In his ruling today Manhattan federal court, US District Judge Paul Oetken sided with complainant billionaire William Koch, who also claimed the jury award for Eric Greenberg's 24 bottles of wine were overpriced. Bloomberg said Koch, whose brothers are Tea Party founders David Koch and Charles Koch and have established Florida-based Oxbow Carbon & Minerals LLC, sought legal action against Greenberg, who claimed to the billionaire the bottles of wine he sold to the billionaire was the best in the world and that some of them dated back to the era before World War I.
In Koch's lawsuit, the complainant is contesting that the 1864 Chateau Latour bottle and two 1950 Chateau Petrus magnums were not what they seemed to be. Koch had purchased the Chateau Latour bottle for $14,160 and the magnums at $20,060 each. Koch also claimed that Greenberg had misled house Zachys Wine Auctions Inc. and buyers about the authenticity of bottles.
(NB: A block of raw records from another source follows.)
lemma tau0_equation:
  fixes k b \<beta> :: real
  assumes "k > 0" "b > 0" "0 \<le> \<beta>" "\<beta> < 1"
  shows "tanh (b * k * tau0 k b \<beta>) * ((1 - \<beta>) * tau0 k b \<beta> - \<beta>) = 1"
proof -
  define \<tau> where "\<tau> = tau1 k b \<beta>"
  define t where "t = tanh (b * \<tau>)"
  have "1 + \<beta> * t > 0"
    using tau1_root(1)[OF assms] assms(2,3) by (simp add: t_def \<tau>_def add_pos_nonneg)
  moreover have "(1 - \<beta>) * \<tau> * t / (1 + \<beta> * t) = k"
    using tau1_root(2)[OF assms] unfolding lambda1_def \<tau>_def t_def .
  ultimately have "(1 - \<beta>) * \<tau> * t = k * (1 + \<beta> * t)" by (simp add: divide_eq_eq)
  moreover have \<tau>: "\<tau> = k * tau0 k b \<beta>" using assms(1) by (simp add: tau0_def \<tau>_def)
  ultimately have "k * (t * ((1 - \<beta>) * tau0 k b \<beta> - \<beta>)) = k * 1" by (simp add: algebra_simps)
  moreover have "t = tanh (b * k * tau0 k b \<beta>)" by (simp add: t_def \<tau> mult.assoc)
  ultimately show ?thesis using assms(1) by simp
qed

lemma tau0_lower_bound:
  fixes k b \<beta> :: real
  assumes "k > 0" "b > 0" "0 \<le> \<beta>" "\<beta> < 1"
  shows "min 2 (1 / tanh (2 * b * k)) \<le> tau0 k b \<beta>"
proof -
  define x where "x = tau0 k b \<beta>"
  define t where "t = tanh (b * k * x)"
  have x: "x > 0" using tau0_pos[OF assms] by (simp add: x_def)
  have t: "0 < t" using x assms by (simp add: t_def)
  have "t * ((1 - \<beta>) * x - \<beta>) = 1"
    using tau0_equation[OF assms] unfolding t_def x_def .
  hence "(1 - \<beta>) * (x * t) = 1 + \<beta> * t" by (simp add: algebra_simps)
  moreover have "(1 - \<beta>) * (x * t) \<le> x * t" using assms x t by (simp add: mult_left_le_one_le)
  ultimately have xt: "1 \<le> x * t" using assms t by (smt (verit) mult_nonneg_nonneg)
  show ?thesis
  proof (cases "x < 2")
    case True
    hence "t < tanh (2 * b * k)" using assms by (simp add: t_def)
    hence "1 < x * tanh (2 * b * k)" using xt x by (smt (verit) mult_strict_left_mono)
    hence "1 / tanh (2 * b * k) < x" using assms by (simp add: divide_simps)
    thus ?thesis by (simp add: x_def)
  qed (simp add: x_def)
qed

lemma ex_tanh_eqn_root_iff:
  fixes k b \<beta> \<delta> :: real
  assumes "k > 0" "b > 0" "0 \<le> \<beta>" "\<beta> < 1" "\<delta> > 0"
  shows "(\<exists>a. 0 < a \<and> a < b \<and> tanh_eqn k b \<beta> \<delta> a) \<longleftrightarrow>
    tau0 k b \<beta> * (1 + \<delta>) < tanh (b * k * tau0 k b \<beta>) * ((tau0 k b \<beta>)\<^sup>2 + \<delta>)"
proof -
  define x where "x = tau0 k b \<beta>"
  have x: "x > 0" using tau0_pos[OF assms(1-4)] by (simp add: x_def)
  have den: "x\<^sup>2 + \<delta> > 0" using assms(5) by (simp add: add_nonneg_pos)
  have "(\<exists>a. 0 < a \<and> a < b \<and> tanh_eqn k b \<beta> \<delta> a) \<longleftrightarrow>
      (\<exists>a. 0 < a \<and> a < b \<and> tanh (a * (k * x)) = x * (1 + \<delta>) / (x\<^sup>2 + \<delta>))"
    by (simp add: tanh_eqn_def x_def mult.assoc)
  also have "\<dots> \<longleftrightarrow> x * (1 + \<delta>) / (x\<^sup>2 + \<delta>) < tanh (b * (k * x))"
    using assms x den by (intro ex_tanh_eq_between_iff) auto
  also have "\<dots> \<longleftrightarrow> x * (1 + \<delta>) < tanh (b * k * x) * (x\<^sup>2 + \<delta>)"
    using den by (simp add: pos_divide_less_eq mult.assoc)
  finally show ?thesis by (simp add: x_def)
qed

lemma ex_tanh_eqn_root_near_beta_one:
  fixes k b \<alpha> \<delta> :: real
  assumes "k > 0" "b > 0" "0 < \<alpha>" "0 < \<delta>" "\<alpha> * (1 + \<delta>) < 1"
  shows "\<exists>a. 0 < a \<and> a < b \<and> tanh_eqn k b (1 - \<alpha>) \<delta> a"
proof -
  have "\<alpha> \<le> \<alpha> * (1 + \<delta>)" using assms(3,4) by simp
  hence \<beta>: "0 \<le> 1 - \<alpha>" "1 - \<alpha> < 1" using assms(3,5) by linarith+
  define x where "x = tau0 k b (1 - \<alpha>)"
  define t where "t = tanh (b * k * x)"
  have x: "x > 0" using tau0_pos[OF assms(1,2) \<beta>] by (simp add: x_def)
  have t: "0 < t" using x assms by (simp add: t_def)
  have "t * (\<alpha> * x - (1 - \<alpha>)) = 1"
    using tau0_equation[OF assms(1,2) \<beta>] unfolding t_def x_def by simp
  hence "\<alpha> * (x * t) = 1 + (1 - \<alpha>) * t" by (simp add: algebra_simps)
  hence "1 \<le> \<alpha> * (x * t)" using t \<beta> by simp
  hence "1 / \<alpha> \<le> x * t" using assms by (simp add: divide_simps mult.commute)
  moreover have "1 + \<delta> < 1 / \<alpha>" using assms(3,5) by (simp add: less_divide_eq mult.commute)
  ultimately have "x * (1 + \<delta>) < x * (x * t)" using x by simp
  also have "\<dots> \<le> t * (x\<^sup>2 + \<delta>)" using t assms by (simp add: power2_eq_square algebra_simps)
  finally show ?thesis
    using ex_tanh_eqn_root_iff[OF assms(1,2) \<beta> assms(4)] by (simp add: x_def t_def)
qed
A jury has found Greenberg, who is founder and chairman emeritus of Scient Corp, guilty in April 2013 of the charges filed by Koch. Koch was then awarded with $379,000 in compensatory damages plus punitive damages amounting to $12 million. However, Oetken ruled that the award should be reduced to a little less than a million dollars.
Oetken explained in court, "While the flagrancy of Greenberg's fraud merits some award of punitive damages, the harm he caused is less compelling. This harm was economic in nature and none of its targets -- neither Koch nor other potential buyers at auction -- were financially vulnerable."
Oetken also rejected Koch's request for over $7.8 million in award for legal fees as he said the cost has no relationship to the total amount of the actual damages at hand. The judge also noted that a total of 36 attorneys had been tapped to resolve the case over a six-year period.
Koch's spokesman, Brad Goldstein, said in a phone interview to Bloomberg, "Our goal from the start was never about the money, it was always to shine a bright light on the fraud that has gone undetected. (The court found) Eric Greenberg's conduct was reprehensible, that he was a fraudster. Whether it'a dollar or whether it's over a million dollars, that's going to follow him for the rest of his life."